India, which is 79 per cent dependent on imports for crude oil, is building underground storages at Visakhapatnam in Andhra Pradesh and Mangalore and Padur in Karnataka to store about 5.33 million tonnes to meet the nation’s requirement for 13-14 days.
Officials said various options were being considered for optimal utilisation of the storage capacity.
One option is to rent out the facilities to foreign oil firms; the other is the oil ministry using its own resources to fill them up through India Strategic Petroleum Reserves Ltd, which is building the strategic stockpile and is under the ministry.
However, to fill up the storage, the country will have to spend over Rs 25,000 crore at current crude prices.
The oil import bill during the last fiscal amounted to nearly $145 billion and is the primary cause for the record current account deficit (CAD). With the government looking to contain fiscal deficit below 4.8 per cent of the gross domestic product this fiscal, the oil ministry will have to look at other sources for funding the storage than taking it from the finance ministry.
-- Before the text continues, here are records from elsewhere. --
(* Let $(X,\widetilde{\tau},\mathfrak{a}_E,E)$ be a soft aura topological space. Then: (i) an arbitrary soft union of soft $\mathfrak{a}$-semi-open sets is soft $\mathfrak{a}$-semi-open; (ii) an arbitrary soft union of soft $\mathfrak{a}$-pre-open sets is soft $\mathfrak{a}$-pre-open; (iii) an arbitrary soft union of soft $\mathfrak{a}$-$\beta$-open sets is soft $\mathfrak{a}$-$\beta$-open.
   Context: Let $X$ be a nonempty set and $E$ a nonempty parameter set. A soft set over $X$ is a map $F:E\to\mathcal{P}(X)$, written $(F,E)$; $\mathrm{SS}(X,E)$ denotes all soft sets; $\sqsubseteq$ and (arbitrary) soft union $\bigsqcup$ are parameterwise inclusion and union. A soft topology $\widetilde{\tau}$ is a subfamily of $\mathrm{SS}(X,E)$ containing the soft sets with all values $\emptyset$ and all values $X$, closed under arbitrary soft unions and finite soft intersections. A soft scope function is a map $\mathfrak{a}_E:X\to\widetilde{\tau}$ with $x\in\mathfrak{a}_E(x)(e)$ for all $x\in X$, $e\in E$; $(X,\widetilde{\tau},\mathfrak{a}_E,E)$ is a soft aura topological space. $\mathrm{cl}_{\mathfrak{a}}(G,E)(e)=\{x:\mathfrak{a}_E(x)(e)\cap G(e)\neq\emptyset\}$, $\mathrm{int}_{\mathfrak{a}}(G,E)(e)=\{x:\mathfrak{a}_E(x)(e)\subseteq G(e)\}$. $(G,E)$ is soft $\mathfrak{a}$-semi-open if $(G,E)\sqsubseteq\mathrm{cl}_{\mathfrak{a}}(\mathrm{int}_{\mathfrak{a}}(G,E))$; soft $\mathfrak{a}$-pre-open if $(G,E)\sqsubseteq\mathrm{int}_{\mathfrak{a}}(\mathrm{cl}_{\mathfrak{a}}(G,E))$; soft $\mathfrak{a}$-$\beta$-open if $(G,E)\sqsubseteq\mathrm{cl}_{\mathfrak{a}}(\mathrm{int}_{\mathfrak{a}}(\mathrm{cl}_{\mathfrak{a}}(G,E)))$. *)

theory Defs
  imports Main
begin

text \<open>Soft sets over the universe X = UNIV :: 'x set with parameter set E = UNIV :: 'e set
  are maps 'e \<Rightarrow> 'x set.  (HOL types are nonempty, matching the standing assumptions.)\<close>

type_synonym ('e, 'x) soft_set = "'e \<Rightarrow> 'x set"

definition soft_subset :: "('e, 'x) soft_set \<Rightarrow> ('e, 'x) soft_set \<Rightarrow> bool" where
  "soft_subset F G \<longleftrightarrow> (\<forall>e. F e \<subseteq> G e)"

definition soft_Union :: "('e, 'x) soft_set set \<Rightarrow> ('e, 'x) soft_set" where
  "soft_Union S = (\<lambda>e. \<Union>F\<in>S. F e)"

definition soft_inter :: "('e, 'x) soft_set \<Rightarrow> ('e, 'x) soft_set \<Rightarrow> ('e, 'x) soft_set" where
  "soft_inter F G = (\<lambda>e. F e \<inter> G e)"

definition soft_null :: "('e, 'x) soft_set" where
  "soft_null = (\<lambda>e. {})"

definition soft_absolute :: "('e, 'x) soft_set" where
  "soft_absolute = (\<lambda>e. UNIV)"

definition soft_topology :: "('e, 'x) soft_set set \<Rightarrow> bool" where
  "soft_topology T \<longleftrightarrow>
     soft_null \<in> T \<and> soft_absolute \<in> T \<and>
     (\<forall>S. S \<subseteq> T \<longrightarrow> soft_Union S \<in> T) \<and>
     (\<forall>F\<in>T. \<forall>G\<in>T. soft_inter F G \<in> T)"

definition soft_scope :: "('e, 'x) soft_set set \<Rightarrow> ('x \<Rightarrow> ('e, 'x) soft_set) \<Rightarrow> bool" where
  "soft_scope T a \<longleftrightarrow> (\<forall>x. a x \<in> T \<and> (\<forall>e. x \<in> a x e))"

definition soft_aura_space :: "('e, 'x) soft_set set \<Rightarrow> ('x \<Rightarrow> ('e, 'x) soft_set) \<Rightarrow> bool" where
  "soft_aura_space T a \<longleftrightarrow> soft_topology T \<and> soft_scope T a"

definition cl_a :: "('x \<Rightarrow> ('e, 'x) soft_set) \<Rightarrow> ('e, 'x) soft_set \<Rightarrow> ('e, 'x) soft_set" where
  "cl_a a G = (\<lambda>e. {x. a x e \<inter> G e \<noteq> {}})"

definition int_a :: "('x \<Rightarrow> ('e, 'x) soft_set) \<Rightarrow> ('e, 'x) soft_set \<Rightarrow> ('e, 'x) soft_set" where
  "int_a a G = (\<lambda>e. {x. a x e \<subseteq> G e})"

definition soft_a_semi_open where
  "soft_a_semi_open a G \<longleftrightarrow> soft_subset G (cl_a a (int_a a G))"

definition soft_a_pre_open where
  "soft_a_pre_open a G \<longleftrightarrow> soft_subset G (int_a a (cl_a a G))"

definition soft_a_beta_open where
  "soft_a_beta_open a G \<longleftrightarrow> soft_subset G (cl_a a (int_a a (cl_a a G)))"

end

theory Submission
  imports Defs
begin

text \<open>Soft sets ordered by \<open>\<sqsubseteq>\<close> form the complete lattice of functions \<open>'e \<Rightarrow> 'x set\<close>,
  with soft union as supremum. Each of the three notions says that \<open>G\<close> lies below its image
  under a composite of the monotone operators \<open>cl\<^sub>a\<close> and \<open>int\<^sub>a\<close>, and for any monotone
  operator these post-fixed points are closed under arbitrary suprema.\<close>

lemma soft_subset_iff_le: "soft_subset F G \<longleftrightarrow> F \<le> G"
  unfolding soft_subset_def le_fun_def by simp

lemma soft_Union_eq_Sup: "soft_Union S = Sup S"
  unfolding soft_Union_def by (simp add: fun_eq_iff)

lemma mono_cl_a: "mono (cl_a a)"
  unfolding cl_a_def by (rule monoI) (auto simp: le_fun_def)

lemma mono_int_a: "mono (int_a a)"
  unfolding int_a_def by (rule monoI) (auto simp: le_fun_def)

lemma mono_comp: "mono f \<Longrightarrow> mono g \<Longrightarrow> mono (f \<circ> g)"
  using monotone_on_o[of UNIV] by blast

lemma Sup_postfixed_if_mono:
  fixes f :: "'a::complete_lattice \<Rightarrow> 'a"
  assumes "mono f" and "\<And>x. x \<in> A \<Longrightarrow> x \<le> f x"
  shows "Sup A \<le> f (Sup A)"
proof -
  have "Sup A \<le> (SUP x\<in>A. f x)"
    using assms(2) by (auto intro!: Sup_mono)
  also have "\<dots> \<le> f (Sup A)"
    using assms(1) by (rule mono_Sup)
  finally show ?thesis .
qed

lemma soft_Union_postfixed_if_mono:
  assumes "mono \<Phi>" and "\<forall>G\<in>S. soft_subset G (\<Phi> G)"
  shows "soft_subset (soft_Union S) (\<Phi> (soft_Union S))"
  using Sup_postfixed_if_mono[OF assms(1)] assms(2)
  by (simp add: soft_subset_iff_le soft_Union_eq_Sup)

theorem theorem4p4:
  fixes T :: "('e, 'x) soft_set set" and a :: "'x \<Rightarrow> ('e, 'x) soft_set"
  assumes "soft_aura_space T a"
  shows "(\<forall>S. (\<forall>G\<in>S. soft_a_semi_open a G) \<longrightarrow> soft_a_semi_open a (soft_Union S))
       \<and> (\<forall>S. (\<forall>G\<in>S. soft_a_pre_open a G) \<longrightarrow> soft_a_pre_open a (soft_Union S))
       \<and> (\<forall>S. (\<forall>G\<in>S. soft_a_beta_open a G) \<longrightarrow> soft_a_beta_open a (soft_Union S))"
proof -
  have "mono (cl_a a \<circ> int_a a)" "mono (int_a a \<circ> cl_a a)" "mono (cl_a a \<circ> int_a a \<circ> cl_a a)"
    by (intro mono_comp mono_cl_a mono_int_a)+
  then show ?thesis
    unfolding soft_a_semi_open_def soft_a_pre_open_def soft_a_beta_open_def
    using soft_Union_postfixed_if_mono by (metis comp_apply)
qed

end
“Given the volatility in crude prices, the storage terminals are intended as a buffer for the economy. This should ideally be filled up when oil prices are at their lows,” analysts said.
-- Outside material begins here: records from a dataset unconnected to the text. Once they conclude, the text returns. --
lemma gram_dist_eq:
  assumes "orthonormal_cols N K P" "orthonormal_cols N K P'"
  shows "(\<Sum>i<N. \<Sum>i'<N. (cmod (gram K P i i' - gram K P' i i'))^2)
       = 2 * real K - 2 * (\<Sum>p<K. \<Sum>q<K. (cmod (cross_gram N P P' p q))^2)"
proof -
  have norm: "(\<Sum>i<N. \<Sum>i'<N. (cmod (gram K X i i'))^2) = real K" if "orthonormal_cols N K X" for X
  proof -
    have "(\<Sum>i<N. \<Sum>i'<N. (cmod (gram K X i i'))^2) = (\<Sum>i<N. vnorm2 K (X i))"
      using orthonormal_cols_imp_parseval[OF that]
      unfolding parseval_frame_def gram_def vinner_def by simp
    thus ?thesis using sum_row_norms[OF that] by simp
  qed
  have cross: "(\<Sum>i<N. \<Sum>i'<N. gram K P i i' * cnj (gram K P' i i'))
      = complex_of_real (\<Sum>p<K. \<Sum>q<K. (cmod (cross_gram N P P' p q))^2)"
  proof -
    have "(\<Sum>i<N. \<Sum>i'<N. gram K P i i' * cnj (gram K P' i i'))
        = (\<Sum>i<N. \<Sum>i'<N. \<Sum>q<K. \<Sum>p<K. P i q * cnj (P i' q) * (cnj (P' i p) * P' i' p))"
      unfolding gram_def by (simp add: sum_product cnj_sum)
    also have "\<dots> = (\<Sum>q<K. \<Sum>p<K. \<Sum>i<N. \<Sum>i'<N. P i q * cnj (P i' q) * (cnj (P' i p) * P' i' p))"
      by (rule sum_swap4)
    also have "\<dots> = (\<Sum>q<K. \<Sum>p<K. cross_gram N P P' p q * cnj (cross_gram N P P' p q))"
      unfolding cross_gram_def by (simp add: sum_product cnj_sum mult_ac)
    also have "\<dots> = complex_of_real (\<Sum>p<K. \<Sum>q<K. (cmod (cross_gram N P P' p q))^2)"
      by (subst sum.swap) (simp add: of_real_sum of_real_cmod_sq)
    finally show ?thesis .
  qed
  have "(\<Sum>i<N. \<Sum>i'<N. (cmod (gram K P i i' - gram K P' i i'))^2)
     = (\<Sum>i<N. \<Sum>i'<N. (cmod (gram K P i i'))^2) + (\<Sum>i<N. \<Sum>i'<N. (cmod (gram K P' i i'))^2)
       - 2 * Re (\<Sum>i<N. \<Sum>i'<N. gram K P i i' * cnj (gram K P' i i'))"
    unfolding cmod_diff_sq by (simp add: sum.distrib sum_subtractf sum_distrib_left Re_sum)
  also have "\<dots> = 2 * real K - 2 * (\<Sum>p<K. \<Sum>q<K. (cmod (cross_gram N P P' p q))^2)"
    unfolding norm[OF assms(1)] norm[OF assms(2)] cross Re_complex_of_real by simp
  finally show ?thesis .
qed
Officials said the ministry was studying various models for partnerships, including allowing partners to store oil and withdraw it for selling but with guarantees that they will replace it in times of need. This model is similar to the ones in Japan and South Korea.
Sources said Abu Dhabi National Oil Company had offered to use the facility for free and pay only the operational and maintenance costs. The UAE firm, however, has given India the option of first right of refusal during the disruption of supplies. This means in case of any supply disruption, Indian firms will have the first right to use the crude.
India is also exploring the possibility of other Gulf-based suppliers such as Saudi Aramco, Kuwait Petroleum Corporation and National Iranian Oil Company using the facility as transit storage.
If the Gulf countries accept the offer, India can emerge as a regional hub in oil trade, and the country can also look at the option of rupee trade with some of the countries.
The second option is that state-owned oil firms buy crude whenever global prices dip, while the government will release the reserves in case of an abnormal spike in global prices.